How to allow discovery probes through firewall

Just checked my firewall logs and I can see it is blocking discovery probes from syncthing They seem to come from 3 ip addresses 128.199.95.124, 45.55.230.38, 95.85.19.244 all port 443 but be aimed at random ports:
58872, 42996, 46106, 43030, 46114, 59096,…

I would like to allow syncthing’s discovery probes and I don’t mind allowing traffic from these 3 IP addresses, but don’t really like to do a rule "allow to all ports" Is there any small subset of ports I can allow traffic to in order to allow discovery probes?

I think these are actually outgoing connections to discovery servers, so the outgoing port is always random, hence yoy should allow the destination port which is always 443.

Hi Andrius

No, they are incoming. The firewall doesn’t block outgoing connections.

Detail of 1 entry

source 95.85.19.244 hostname discovery-v4-4.syncthing.net port 443 destination 192.168.nnn.xxx port 58872

(as it is the UFW log on the local machine, 192.168.nnn.xxx is the lan address of this machine running syncthing)

In fact, I wonder how it reaches syncthing given that it is connecting to an (apparently) random port. Unless these are probes left over from earlier now expired connections which set that port.

That’s just telling you which way the packet is going, not which way the connection was made.

I am positive that the client sent a packet to discovery server saying where is X from local port 58872 to remote port 443, and discovery server replied X is at Y from remote port 443 back to the port where the request came from (which is 58872), and that’s the logs you are looking at.

These are simply responses to outgoing connections syncthing client is doing, part of a normal HTTP request.

Andrius

Thanks. I agree this is likely right:

client sent a packet to discovery server saying where is X from local port 58872 to remote port 443

However if the connection had really been made by the client, then the packet would be allowed in and would not be blocked. Only ‘unsolicited’ packets are blocked by firewalls.
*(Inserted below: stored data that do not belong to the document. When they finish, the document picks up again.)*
(* Let $D$ be a pre-divergence on a Polish space $\mathcal{X}$, $c$ a cost function, and $\mu\in\mathcal{P}(\mathcal{X})$. If $P\mapsto D(P\|\mu)$ is convex, then $P\mapsto D^c(P\|\mu)$ is convex.
   Context: $\mathcal{P}(\mathcal{X})$ is the set of Borel probability measures on the Polish space $\mathcal{X}$. A pre-divergence is $D:\mathcal{P}(\mathcal{X})\times\mathcal{P}(\mathcal{X})\to[0,\infty]$ with $D(\mu\|\mu)=0$ for all $\mu$. A cost function is a lower semicontinuous $c:\mathcal{X}\times\mathcal{X}\to[0,\infty]$, with OT cost $C(\mu,\nu)=\inf\{\int c\,d\pi:\pi\in\mathcal{P}(\mathcal{X}\times\mathcal{X}),\pi_1=\mu,\pi_2=\nu\}$. $D^c(\nu\|\mu)=\inf_{\eta\in\mathcal{P}(\mathcal{X})}\{D(\eta\|\mu)+C(\eta,\nu)\}$. *)

theory Defs
  imports "HOL-Probability.Probability"
begin

definition Prob :: "'a::topological_space measure set" where
  "Prob = {M. sets M = sets borel \<and> prob_space M}"

definition pre_divergence :: "('a::topological_space measure \<Rightarrow> 'a measure \<Rightarrow> ennreal) \<Rightarrow> bool" where
  "pre_divergence D \<longleftrightarrow> (\<forall>\<mu>\<in>Prob. D \<mu> \<mu> = 0)"

text \<open>Cost function: lower semicontinuous c : X x X -> [0,oo] (closed sublevel sets).\<close>
definition cost_function :: "('a::topological_space \<Rightarrow> 'a \<Rightarrow> ennreal) \<Rightarrow> bool" where
  "cost_function c \<longleftrightarrow> (\<forall>y. closed {p :: 'a \<times> 'a. c (fst p) (snd p) \<le> y})"

definition couplings :: "'a::topological_space measure \<Rightarrow> 'a measure \<Rightarrow> ('a \<times> 'a) measure set" where
  "couplings \<mu> \<nu> = {\<pi>. sets \<pi> = sets borel \<and> prob_space \<pi> \<and>
      distr \<pi> borel fst = \<mu> \<and> distr \<pi> borel snd = \<nu>}"

definition OT_cost :: "('a::topological_space \<Rightarrow> 'a \<Rightarrow> ennreal) \<Rightarrow> 'a measure \<Rightarrow> 'a measure \<Rightarrow> ennreal" where
  "OT_cost c \<mu> \<nu> = (INF \<pi>\<in>couplings \<mu> \<nu>. \<integral>\<^sup>+ p. c (fst p) (snd p) \<partial>\<pi>)"

definition Dc :: "('a::topological_space measure \<Rightarrow> 'a measure \<Rightarrow> ennreal) \<Rightarrow> ('a \<Rightarrow> 'a \<Rightarrow> ennreal)
    \<Rightarrow> 'a measure \<Rightarrow> 'a measure \<Rightarrow> ennreal" where
  "Dc D c \<nu> \<mu> = (INF \<eta>\<in>Prob. D \<eta> \<mu> + OT_cost c \<eta> \<nu>)"

definition mix :: "real \<Rightarrow> 'a::topological_space measure \<Rightarrow> 'a measure \<Rightarrow> 'a measure" where
  "mix t P Q = measure_of (space borel) (sets borel)
      (\<lambda>A. ennreal t * emeasure P A + ennreal (1 - t) * emeasure Q A)"

definition convex_on_Prob :: "('a::topological_space measure \<Rightarrow> ennreal) \<Rightarrow> bool" where
  "convex_on_Prob F \<longleftrightarrow> (\<forall>P\<in>Prob. \<forall>Q\<in>Prob. \<forall>t\<in>{0..1::real}.
      F (mix t P Q) \<le> ennreal t * F P + ennreal (1 - t) * F Q)"

end

theory Submission
  imports Defs
begin

text \<open>
  \<open>D\<^sup>c(\<nu>\<parallel>\<mu>)\<close> is the infimum of \<open>D(\<eta>\<parallel>\<mu>) + \<integral>c d\<pi>\<close> over all pairs \<open>(\<eta>, \<pi>)\<close> in which \<open>\<pi>\<close>
  couples \<open>\<eta>\<close> with \<open>\<nu>\<close>. Mixing a feasible pair for \<open>P\<close> with a feasible pair for \<open>Q\<close>
  (with the same weight \<open>t\<close> in both components) gives a feasible pair for \<open>t P + (1 - t) Q\<close>,
  because marginals commute with mixtures. Along this operation the objective is convex:
  \<open>D(\<cdot>\<parallel>\<mu>)\<close> by hypothesis and the transport term \<open>\<integral>c d\<pi>\<close> linearly. Taking infima over both
  pairs gives the convexity of \<open>D\<^sup>c(\<cdot>\<parallel>\<mu>)\<close>.
\<close>

lemma INF_add_left_ennreal: "c + (INF i\<in>I. f i) = (INF i\<in>I. c + f i :: ennreal)"
proof (cases "I = {}")
  case False
  have "continuous (at_right (Inf (f ` I))) (\<lambda>x::ennreal. c + x)"
    by (intro continuous_add continuous_const continuous_ident)
  then show ?thesis
    using continuous_at_Inf_mono[of "\<lambda>x. c + x" "f ` I"] False
    by (auto simp: mono_def add_left_mono image_comp)
qed simp

lemma INF_mult_left_ennreal:
  assumes "c \<noteq> 0" "c \<noteq> top"
  shows "c * (INF i\<in>I. f i) = (INF i\<in>I. c * f i :: ennreal)"
proof (cases "I = {}")
  case False
  have "continuous_on UNIV (\<lambda>x::ennreal. c * x)"
    using ennreal_continuous_on_cmult[of c UNIV "\<lambda>x. x"] assms(2) by (simp add: top.not_eq_extremum)
  then have "continuous (at_right (Inf (f ` I))) (\<lambda>x::ennreal. c * x)"
    by (metis UNIV_I continuous_on_eq_continuous_within continuous_within_subset subset_UNIV)
  then show ?thesis
    using continuous_at_Inf_mono[of "\<lambda>x. c * x" "f ` I"] False
    by (auto simp: mono_def mult_left_mono image_comp)
qed (use assms in \<open>simp add: ennreal_mult_top\<close>)

lemma le_mult_INF_add_mult_INF_ennreal:
  fixes f g :: "_ \<Rightarrow> ennreal"
  assumes "a \<noteq> 0" "a \<noteq> top" "b \<noteq> 0" "b \<noteq> top"
    and "\<And>i j. i \<in> I \<Longrightarrow> j \<in> J \<Longrightarrow> x \<le> a * f i + b * g j"
  shows "x \<le> a * (INF i\<in>I. f i) + b * (INF j\<in>J. g j)"
proof -
  have "x \<le> a * f i + b * (INF j\<in>J. g j)" if "i \<in> I" for i
    unfolding INF_mult_left_ennreal[OF assms(3,4)] INF_add_left_ennreal
    using assms(5) that by (auto intro!: INF_greatest)
  then have "x \<le> (INF i\<in>I. b * (INF j\<in>J. g j) + a * f i)"
    by (auto intro!: INF_greatest simp: add.commute)
  then show ?thesis
    by (simp add: INF_mult_left_ennreal[OF assms(1,2)] INF_add_left_ennreal add.commute)
qed

lemma borel_measurable_cost_function:
  assumes "cost_function c"
  shows "(\<lambda>p. c (fst p) (snd p)) \<in> borel_measurable borel"
  using assms by (intro borel_measurableI_le) (simp add: cost_function_def)

lemma Dc_eq_INF_couplings:
  "Dc D c \<nu> \<mu> = (INF (\<eta>, \<pi>)\<in>(SIGMA \<eta>:Prob. couplings \<eta> \<nu>). D \<eta> \<mu> + (\<integral>\<^sup>+p. c (fst p) (snd p) \<partial>\<pi>))"
  by (simp add: Dc_def OT_cost_def INF_add_left_ennreal INF_Sigma split_beta)

lemma sets_mix [simp]: "sets (mix t P Q) = sets borel"
  using sets_measure_of[OF sets.space_closed[of borel]] sets.sigma_sets_eq[of borel]
  by (simp add: mix_def)

lemma space_mix [simp]: "space (mix t P Q) = UNIV"
  using sets_eq_imp_space_eq[OF sets_mix[of t P Q]] by simp

lemma emeasure_mix:
  fixes P Q :: "'a::topological_space measure"
  assumes P: "sets P = sets borel" and Q: "sets Q = sets borel" and A: "A \<in> sets borel"
  shows "emeasure (mix t P Q) A = ennreal t * emeasure P A + ennreal (1 - t) * emeasure Q A"
  unfolding mix_def
proof (rule emeasure_measure_of_sigma[OF sets.sigma_algebra_axioms _ _ A])
  show "positive (sets borel) (\<lambda>A. ennreal t * emeasure P A + ennreal (1 - t) * emeasure Q A)"
    by (simp add: positive_def)
  show "countably_additive (sets borel) (\<lambda>A. ennreal t * emeasure P A + ennreal (1 - t) * emeasure Q A)"
    unfolding countably_additive_def
  proof (intro allI impI)
    fix B :: "nat \<Rightarrow> 'a set"
    assume B: "range B \<subseteq> sets borel" "disjoint_family B"
    have "(\<Sum>i. ennreal t * emeasure P (B i) + ennreal (1 - t) * emeasure Q (B i))
        = ennreal t * (\<Sum>i. emeasure P (B i)) + ennreal (1 - t) * (\<Sum>i. emeasure Q (B i))"
      by (simp add: suminf_add[symmetric] ennreal_suminf_cmult)
    also have "\<dots> = ennreal t * emeasure P (\<Union> (range B)) + ennreal (1 - t) * emeasure Q (\<Union> (range B))"
      using B P Q by (simp add: suminf_emeasure)
    finally show "(\<Sum>i. ennreal t * emeasure P (B i) + ennreal (1 - t) * emeasure Q (B i))
        = ennreal t * emeasure P (\<Union> (range B)) + ennreal (1 - t) * emeasure Q (\<Union> (range B))" .
  qed
qed

lemma mix_0: "sets Q = sets borel \<Longrightarrow> mix 0 P Q = Q"
  using sets_eq_imp_space_eq[of Q borel] measure_of_of_measure[of Q] by (simp add: mix_def)

lemma mix_1: "sets P = sets borel \<Longrightarrow> mix 1 P Q = P"
  using sets_eq_imp_space_eq[of P borel] measure_of_of_measure[of P] by (simp add: mix_def)

lemma prob_space_mix:
  assumes "sets P = sets borel" "prob_space P" "sets Q = sets borel" "prob_space Q"
    and "t \<in> {0..1}"
  shows "prob_space (mix t P Q)"
proof (rule prob_spaceI)
  have "space P = UNIV" "space Q = UNIV"
    using sets_eq_imp_space_eq[OF assms(1)] sets_eq_imp_space_eq[OF assms(3)] by simp_all
  then have "emeasure (mix t P Q) UNIV = ennreal t + ennreal (1 - t)"
    using assms emeasure_mix[of P Q UNIV t]
      prob_space.emeasure_space_1[OF assms(2)] prob_space.emeasure_space_1[OF assms(4)] by simp
  also have "\<dots> = 1"
    using assms(5) by (simp flip: ennreal_plus)
  finally show "emeasure (mix t P Q) (space (mix t P Q)) = 1" by simp
qed

lemma Prob_mix: "P \<in> Prob \<Longrightarrow> Q \<in> Prob \<Longrightarrow> t \<in> {0..1} \<Longrightarrow> mix t P Q \<in> Prob"
  by (simp add: Prob_def prob_space_mix)

lemma nn_integral_mix:
  fixes P Q :: "'a::topological_space measure"
  assumes P: "sets P = sets borel" and Q: "sets Q = sets borel"
    and f: "f \<in> borel_measurable borel"
  shows "(\<integral>\<^sup>+x. f x \<partial>mix t P Q) = ennreal t * (\<integral>\<^sup>+x. f x \<partial>P) + ennreal (1 - t) * (\<integral>\<^sup>+x. f x \<partial>Q)"
proof -
  have meas: "borel_measurable P = borel_measurable borel" "borel_measurable Q = borel_measurable borel"
    "borel_measurable (mix t P Q) = borel_measurable borel"
    by (rule measurable_cong_sets; simp add: P Q)+
  have space: "space P = UNIV" "space Q = UNIV"
    using sets_eq_imp_space_eq[OF P] sets_eq_imp_space_eq[OF Q] by simp_all
  from f show ?thesis
  proof (induction rule: borel_measurable_induct)
    case (cong f g)
    then show ?case
      using space by (simp add: fun_eq_iff)
  next
    case (set A)
    then show ?case
      using P Q by (simp add: emeasure_mix)
  next
    case (mult u c)
    then show ?case
      by (simp add: meas nn_integral_cmult distrib_left ac_simps)
  next
    case (add u v)
    then show ?case
      by (simp add: meas nn_integral_add distrib_left ac_simps)
  next
    case (seq U)
    have mono: "incseq (\<lambda>i. a * (\<integral>\<^sup>+x. U i x \<partial>M))" for a and M :: "'a measure"
      using \<open>incseq U\<close> by (auto simp: incseq_def le_fun_def intro!: mult_left_mono nn_integral_mono)
    have SUP_integral: "(\<integral>\<^sup>+x. (SUP i. U i) x \<partial>M) = (SUP i. \<integral>\<^sup>+x. U i x \<partial>M)"
      if "sets M = sets borel" for M
    proof -
      have "U i \<in> borel_measurable M" for i
        using seq.hyps(1) by (simp cong: measurable_cong_sets[OF that refl])
      from nn_integral_monotone_convergence_SUP[OF \<open>incseq U\<close> this] show ?thesis
        by (simp add: SUP_apply image_comp)
    qed
    have "(SUP i. \<integral>\<^sup>+x. U i x \<partial>mix t P Q)
        = (SUP i. ennreal t * (\<integral>\<^sup>+x. U i x \<partial>P) + ennreal (1 - t) * (\<integral>\<^sup>+x. U i x \<partial>Q))"
      using seq.IH by simp
    also have "\<dots> = ennreal t * (SUP i. \<integral>\<^sup>+x. U i x \<partial>P) + ennreal (1 - t) * (SUP i. \<integral>\<^sup>+x. U i x \<partial>Q)"
      by (simp add: ennreal_SUP_add[OF mono mono] SUP_mult_left_ennreal)
    finally show ?case
      by (simp only: SUP_integral[OF sets_mix] SUP_integral[OF P] SUP_integral[OF Q])
  qed
qed

lemma distr_mix:
  fixes P Q :: "'a::topological_space measure" and g :: "'a \<Rightarrow> 'b::topological_space"
  assumes P: "sets P = sets borel" and Q: "sets Q = sets borel" and g: "g \<in> borel_measurable borel"
  shows "distr (mix t P Q) borel g = mix t (distr P borel g) (distr Q borel g)"
proof (rule measure_eqI)
  fix A assume "A \<in> sets (distr (mix t P Q) borel g)"
  then have A: "A \<in> sets borel" by simp
  have "g \<in> borel_measurable (mix t P Q)" "g \<in> borel_measurable P" "g \<in> borel_measurable Q"
    using g P Q by (simp_all cong: measurable_cong_sets)
  moreover have "space P = UNIV" "space Q = UNIV"
    using sets_eq_imp_space_eq[OF P] sets_eq_imp_space_eq[OF Q] by simp_all
  ultimately show "emeasure (distr (mix t P Q) borel g) A = emeasure (mix t (distr P borel g) (distr Q borel g)) A"
    using A P Q measurable_sets[OF g A] by (simp add: emeasure_distr emeasure_mix)
qed simp

lemma couplings_mix:
  assumes "\<pi>\<^sub>1 \<in> couplings \<eta>\<^sub>1 P" "\<pi>\<^sub>2 \<in> couplings \<eta>\<^sub>2 Q" "t \<in> {0..1}"
  shows "mix t \<pi>\<^sub>1 \<pi>\<^sub>2 \<in> couplings (mix t \<eta>\<^sub>1 \<eta>\<^sub>2) (mix t P Q)"
proof -
  have "fst \<in> borel_measurable (borel :: ('a \<times> 'a) measure)"
    "snd \<in> borel_measurable (borel :: ('a \<times> 'a) measure)"
    by (intro borel_measurable_continuous_onI continuous_on_fst continuous_on_snd continuous_on_id)+
  then show ?thesis
    using assms by (auto simp: couplings_def prob_space_mix distr_mix)
qed

lemma Dc_mix_le:
  assumes convex: "convex_on_Prob (\<lambda>P. D P \<mu>)" and cost: "cost_function c" and t: "t \<in> {0..1}"
    and \<eta>\<^sub>1: "\<eta>\<^sub>1 \<in> Prob" and \<pi>\<^sub>1: "\<pi>\<^sub>1 \<in> couplings \<eta>\<^sub>1 P"
    and \<eta>\<^sub>2: "\<eta>\<^sub>2 \<in> Prob" and \<pi>\<^sub>2: "\<pi>\<^sub>2 \<in> couplings \<eta>\<^sub>2 Q"
  shows "Dc D c (mix t P Q) \<mu> \<le>
    ennreal t * (D \<eta>\<^sub>1 \<mu> + (\<integral>\<^sup>+p. c (fst p) (snd p) \<partial>\<pi>\<^sub>1)) +
    ennreal (1 - t) * (D \<eta>\<^sub>2 \<mu> + (\<integral>\<^sup>+p. c (fst p) (snd p) \<partial>\<pi>\<^sub>2))"
proof -
  let ?C = "\<lambda>p. c (fst p) (snd p)"
  have "Dc D c (mix t P Q) \<mu> \<le> D (mix t \<eta>\<^sub>1 \<eta>\<^sub>2) \<mu> + (\<integral>\<^sup>+p. ?C p \<partial>mix t \<pi>\<^sub>1 \<pi>\<^sub>2)"
    unfolding Dc_eq_INF_couplings
    by (rule INF_lower2[of "(mix t \<eta>\<^sub>1 \<eta>\<^sub>2, mix t \<pi>\<^sub>1 \<pi>\<^sub>2)"])
      (use Prob_mix[OF \<eta>\<^sub>1 \<eta>\<^sub>2 t] couplings_mix[OF \<pi>\<^sub>1 \<pi>\<^sub>2 t] in auto)
  also have "D (mix t \<eta>\<^sub>1 \<eta>\<^sub>2) \<mu> \<le> ennreal t * D \<eta>\<^sub>1 \<mu> + ennreal (1 - t) * D \<eta>\<^sub>2 \<mu>"
    using convex \<eta>\<^sub>1 \<eta>\<^sub>2 t by (simp add: convex_on_Prob_def)
  also have "(\<integral>\<^sup>+p. ?C p \<partial>mix t \<pi>\<^sub>1 \<pi>\<^sub>2) = ennreal t * (\<integral>\<^sup>+p. ?C p \<partial>\<pi>\<^sub>1) + ennreal (1 - t) * (\<integral>\<^sup>+p. ?C p \<partial>\<pi>\<^sub>2)"
    using \<pi>\<^sub>1 \<pi>\<^sub>2 borel_measurable_cost_function[OF cost]
    by (intro nn_integral_mix) (auto simp: couplings_def)
  finally show ?thesis
    by (simp add: add_mono distrib_left ac_simps)
qed

theorem lemma1:
  fixes D :: "'a::polish_space measure \<Rightarrow> 'a measure \<Rightarrow> ennreal"
    and c :: "'a \<Rightarrow> 'a \<Rightarrow> ennreal"
    and \<mu> :: "'a measure"
  assumes "pre_divergence D"
    and "cost_function c"
    and "\<mu> \<in> Prob"
    and "convex_on_Prob (\<lambda>P. D P \<mu>)"
  shows "convex_on_Prob (\<lambda>P. Dc D c P \<mu>)"
  unfolding convex_on_Prob_def
proof (intro ballI)
  fix P Q :: "'a measure" and t :: real
  assume P: "P \<in> Prob" and Q: "Q \<in> Prob" and t: "t \<in> {0..1}"
  consider "t = 0" | "t = 1" | "0 < t" "t < 1"
    using t by fastforce
  then show "Dc D c (mix t P Q) \<mu> \<le> ennreal t * Dc D c P \<mu> + ennreal (1 - t) * Dc D c Q \<mu>"
  proof cases
    case 3
    then show ?thesis
      unfolding Dc_eq_INF_couplings[of D c P] Dc_eq_INF_couplings[of D c Q]
      by (intro le_mult_INF_add_mult_INF_ennreal) (auto intro!: Dc_mix_le assms(2,4) t)
  qed (use P Q in \<open>simp_all add: Prob_def mix_0 mix_1\<close>)
qed

end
However there are some scenarios in which a packet from a client-initiated connection could be blocked: a. server sent packet after the connection was closed; b. server sent packet after the connection timed out. There may be other possibilities, but they all seem to relate to possible bugs or protocol timing issues.

It is somewhat irregular, some days none, today a lot: Jan — number 10th — 16 11th — 0 12th — 2 13th — 5 14th — 149 to a few hours ago

Any clues?

It’s Audrius, not Andrius.

We use basic HTTP calls (https://github.com/syncthing/syncthing/blob/master/lib/discover/global.go#L140), so I don’t see how there could be protocol timing issues, as HTTP is probably one of the most basic protocols out there.

The best thing I can suggest is to get a tcpdump, and see perhaps it’s caused by TCP retransmits which might be due to your firewall (or client) not handling a fin or finack.

I don’t see how there could be protocol timing issues, as HTTP is probably one of the most basic protocols out there.

HTTP protocol timing issues do occur

  • read any firewall log and you’ll see inbound packets from a server where the client thinks the connection is closed.
    Sometimes it is the client (eg browser) gets shut down before the server thinks the transaction is complete.

which might be due to your firewall (or client) not handling a fin or finack.

Firewalling is handled by the linux kernel, UFW is just the interface to it. It is unlikely the linux kernel is handling such a basic function incorrectly. Also, as noted above, some days there are none, all day, so again unlikely to be a basic linux kernel error.

Could possibly be the client - the client here is syncthing, or the server, which is also syncthing.

In any event, it is easiest just to ignore this error unless it appears to be getting out of control. Today so far, none.